Time For This Blog Post Again

Well, Labor Day is here again, the unofficial end to the summer.  The season will officially end fifteen days from this posting, with the Fall equinox.  A chill is starting to creep into the air (at least in the Northeast).  It may be in a format that’s completely unfamiliar to all of us, but kids and adults alike are preparing to go back to school.  And a familiar back-to-school feeling is beginning to set in, curling around my heart like a serpent.

That sickening dread that I’ve forgotten to do my homework.

(Yes, this is another one of those procrastination blog posts wherein I write about how difficult it is to write what I’m trying to write, which is not the blog post I’m actually writing.  It’s kind of my thing.)

I had everything all planned out.  There’s a piece I want to write for an ongoing playwriting competition, whose next deadline is November 18.  I planned to research over the summer, and draft in September and October.  September is here, and I have the notebook ready to go for brainstorming exercises and plot outlining.  I just can’t for the life of me actually do any of that.  It feels like a lead weight is pressing on my chest, and I can’t even move to pick up the damn notebook.

It’s possible I don’t feel adequately prepared yet.  Thanks to the ongoing crisis of our nation’s Postal Service (which may have been knocked out of the public consciousness by a dozen or so new scandals, but is still very much an issue), there’s still a few books I’ve ordered that haven’t made their way to me yet.  But there isn’t really a point in waiting for them.  I can find time to read them whenever they do arrive; more importantly, I’ve reached what I know from experience is the end of the research process.  Not that I know everything about the subject(s) I’ll be tackling – far from it.  There’s no such thing.  But I’ve reached the point where I keep reading the same facts in slightly different wordings, the point where I’ve realized that the things I don’t know are things I won’t be able to learn from books.
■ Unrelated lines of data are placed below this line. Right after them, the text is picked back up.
(* Write mu = lam2 - lam1 and nu = lam3 for the two switching functions. If mu vanished on an
   interval, then lam1' = beta I (lam1 - lam2) = 0 there, so lam1 = lam2 = C is constant;
   lam2' = eta (lam2 - lam3) = 0 forces lam3 = C, and lam3' = gamma C = 0 forces C = 0 because
   gamma > 0. The adjoint system is linear with bounded coefficients, so by a Gronwall argument
   a zero of lam propagates forward to tbar, contradicting lam3 tbar = 1. If nu vanished on an
   interval, then lam3' = beta S (lam1 - lam2) = 0 there; S has no zero on [t0, tbar] (again by
   Gronwall, now for S' = - beta I S, since S tbar is nonzero), so mu would vanish on that interval.
   Only the adjoint equation with its terminal value, the positivity of the inputs and S tbar
   being nonzero are used. Since the trajectories are merely absolutely continuous, Gronwall is proved from the
   fact that an absolutely continuous function with a.e. nonpositive derivative is nonincreasing,
   which is obtained with Cousin's lemma. *)

section \<open>Absolutely continuous functions\<close>

lemma abs_cont_onE:
  assumes "abs_cont_on D f" "e > 0"
  obtains d where "d > 0"
    "\<And>(n::nat) (a::nat \<Rightarrow> real) b. \<forall>i<n. a i \<le> b i \<and> a i \<in> D \<and> b i \<in> D \<Longrightarrow>
       \<forall>i<n. \<forall>j<n. i \<noteq> j \<longrightarrow> {a i<..<b i} \<inter> {a j<..<b j} = {} \<Longrightarrow>
       (\<Sum>i<n. b i - a i) < d \<Longrightarrow> (\<Sum>i<n. \<bar>f (b i) - f (a i)\<bar>) < e"
proof -
  from assms obtain d where "d > 0" and small: "\<forall>(n::nat) (a::nat \<Rightarrow> real) b.
       (\<forall>i<n. a i \<le> b i \<and> a i \<in> D \<and> b i \<in> D) \<and>
       (\<forall>i<n. \<forall>j<n. i \<noteq> j \<longrightarrow> {a i<..<b i} \<inter> {a j<..<b j} = {}) \<and>
       (\<Sum>i<n. b i - a i) < d \<longrightarrow> (\<Sum>i<n. \<bar>f (b i) - f (a i)\<bar>) < e"
    unfolding abs_cont_on_def by auto
  show thesis
    by (rule that[OF \<open>d > 0\<close>]) (use small in blast)
qed

lemma abs_cont_on_subset: "abs_cont_on D f \<Longrightarrow> E \<subseteq> D \<Longrightarrow> abs_cont_on E f"
  unfolding abs_cont_on_def by (meson subsetD)

lemma abs_cont_on_id: "abs_cont_on D (\<lambda>t. t)"
  unfolding abs_cont_on_def by (metis (no_types, lifting) abs_of_nonneg diff_ge_0_iff_ge sum.cong lessThan_iff)

lemma abs_cont_on_imp_continuous_on:
  assumes "abs_cont_on D f"
  shows "continuous_on D f"
  unfolding continuous_on_iff
proof (intro ballI allI impI)
  fix x e assume x: "x \<in> D" and e: "(0::real) < e"
  obtain d where "d > 0" and small: "\<And>(n::nat) (a::nat \<Rightarrow> real) b.
       \<forall>i<n. a i \<le> b i \<and> a i \<in> D \<and> b i \<in> D \<Longrightarrow>
       \<forall>i<n. \<forall>j<n. i \<noteq> j \<longrightarrow> {a i<..<b i} \<inter> {a j<..<b j} = {} \<Longrightarrow>
       (\<Sum>i<n. b i - a i) < d \<Longrightarrow> (\<Sum>i<n. \<bar>f (b i) - f (a i)\<bar>) < e"
    using abs_cont_onE[OF assms e] by blast
  have "dist (f y) (f x) < e" if "y \<in> D" "dist y x < d" for y
    using small[of 1 "\<lambda>_. min x y" "\<lambda>_. max x y"] x that
    by (cases "x \<le> y") (auto simp: dist_real_def abs_minus_commute)
  then show "\<exists>d>0. \<forall>y\<in>D. dist y x < d \<longrightarrow> dist (f y) (f x) < e"
    using \<open>d > 0\<close> by blast
qed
So, time to start writing.  Especially since the start of the school year means things will become more frantic at my day job,  Especially since the next season (the 30th anniversary season!) of Tuesdays at Nine starts next week, and once I’m co-hosting that again my free time will dwindle down to almost nothing.  If I want to get any writing done, I need to start writing now.

By which I mean something other than this blog post, which I’m clearly not doing.

They say that procrastination ultimately stems from a fear of failure.  That the dread of having something turn out poorly, of the beautiful shining thing in your head manifest as something broken and misshapen, prevents you from starting to shape that thing in the first place.  That’s true as far as it goes; I’d argue that this feeling is exacerbated by our awareness of the time involved.  We know how long of a time commitment it is to create whatever we’re trying to create; the older we get the more conscious we are of how little time we really have.  So we find ourselves doing some advanced calculations whenever we sit down at our laptops or easels or what have you, wondering if we’re really going to come up with something that’s worth the investment of time.  And the longer we wonder, the longer we delay, the smaller that available amount of time becomes, creating that familiar, sickening snowball effect.

Of course, I am writing this blog on the Saturday before I post, so hopefully I’ve gotten some work done in the interim.  It’s a three day weekend after all.